MorphMark: Flexible Adaptive Watermarking for Large Language Models
Zongqi Wang | Tianle Gu | Baoyuan Wu | Yujiu Yang
Proceedings of the 63rd Annual Meeting of the Association for Computational Linguistics (Volume 1: Long Papers)
Zongqi Wang | Tianle Gu | Baoyuan Wu | Yujiu Yang
Proceedings of the 63rd Annual Meeting of the Association for Computational Linguistics (Volume 1: Long Papers)
Watermarking by altering token sampling probabilities based on red-green list is a promising method for tracing the origin of text generated by large language models (LLMs). However, existing watermark methods often struggle with a fundamental dilemma: improving watermark effectiveness (the detectability of the watermark) often comes at the cost of reduced text quality.
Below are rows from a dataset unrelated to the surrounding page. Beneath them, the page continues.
lemma ex_lin_ind_W3_F7_eq:
  "real (ex_lin_ind (3 * 2 ^ k) {(W3_V, W3_E), (F7_V, F7_E)}) = real (3 * 2 ^ k) ^ 2 / 9"
proof -
  have "real (ex_lin_ind (3 * 2 ^ k) {(W3_V, W3_E), (F7_V, F7_E)}) \<le> real ((2 ^ k)\<^sup>2)"
    using ex_lin_ind_W3_F7_le[of "3 * 2 ^ k"] by (simp add: power_mult_distrib)
  then have "ex_lin_ind (3 * 2 ^ k) {(W3_V, W3_E), (F7_V, F7_E)} = (2 ^ k)\<^sup>2"
    using ex_lin_ind_W3_F7_ge[of k] by (simp only: of_nat_le_iff)
  then show ?thesis
    by (simp add: power_mult_distrib)
qed

theorem theorem15:
  shows "(\<forall>(V::'a set) E. hyp3 V E \<longrightarrow> linear_hyp E \<longrightarrow>
            \<not> induced_copy V E W3_V W3_E \<longrightarrow> \<not> induced_copy V E F7_V F7_E \<longrightarrow>
            real (card E) \<le> real (card V) ^ 2 / 9)
       \<and> (\<forall>n. real (ex_lin_ind n {(W3_V, W3_E), (F7_V, F7_E)}) \<le> real n ^ 2 / 9)
       \<and> infinite {n. real (ex_lin_ind n {(W3_V, W3_E), (F7_V, F7_E)}) = real n ^ 2 / 9}"
proof (intro conjI allI impI)
  show "real (card E) \<le> real (card V) ^ 2 / 9"
    if "hyp3 V E" "linear_hyp E" "\<not> induced_copy V E W3_V W3_E" "\<not> induced_copy V E F7_V F7_E"
    for V :: "'a set" and E
    using that by (rule card_edges_le_if_linear_W3_F7_free)
  show "real (ex_lin_ind n {(W3_V, W3_E), (F7_V, F7_E)}) \<le> real n ^ 2 / 9" for n
    by (rule ex_lin_ind_W3_F7_le)
  have "range (\<lambda>k::nat. 3 * 2 ^ k) \<subseteq> {n. real (ex_lin_ind n {(W3_V, W3_E), (F7_V, F7_E)}) = real n ^ 2 / 9}"
    using ex_lin_ind_W3_F7_eq by auto
  moreover have "infinite (range (\<lambda>k::nat. 3 * 2 ^ k :: nat))"
    by (rule range_inj_infinite) (simp add: inj_def)
  ultimately show "infinite {n. real (ex_lin_ind n {(W3_V, W3_E), (F7_V, F7_E)}) = real n ^ 2 / 9}"
    by (rule infinite_super)
qed

end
This trade-off limits their practical application. To address this challenge, we first formalize the problem within a multi-objective trade-off analysis framework. Within this framework, we identify a key factor that influences the dilemma. Unlike existing methods, where watermark strength is typically treated as a fixed hyperparameter, our theoretical insights lead to the development of MorphMark—a method that adaptively adjusts the watermark strength in response to changes in the identified factor, thereby achieving an effective resolution of the dilemma. In addition, MorphMark also prioritizes flexibility since it is an model-agnostic and model-free watermark method, thereby offering a practical solution for real-world deployment, particularly in light of the rapid evolution of AI models. Extensive experiments demonstrate that MorphMark achieves a superior resolution of the effectiveness-quality dilemma, while also offering greater flexibility and time and space efficiency.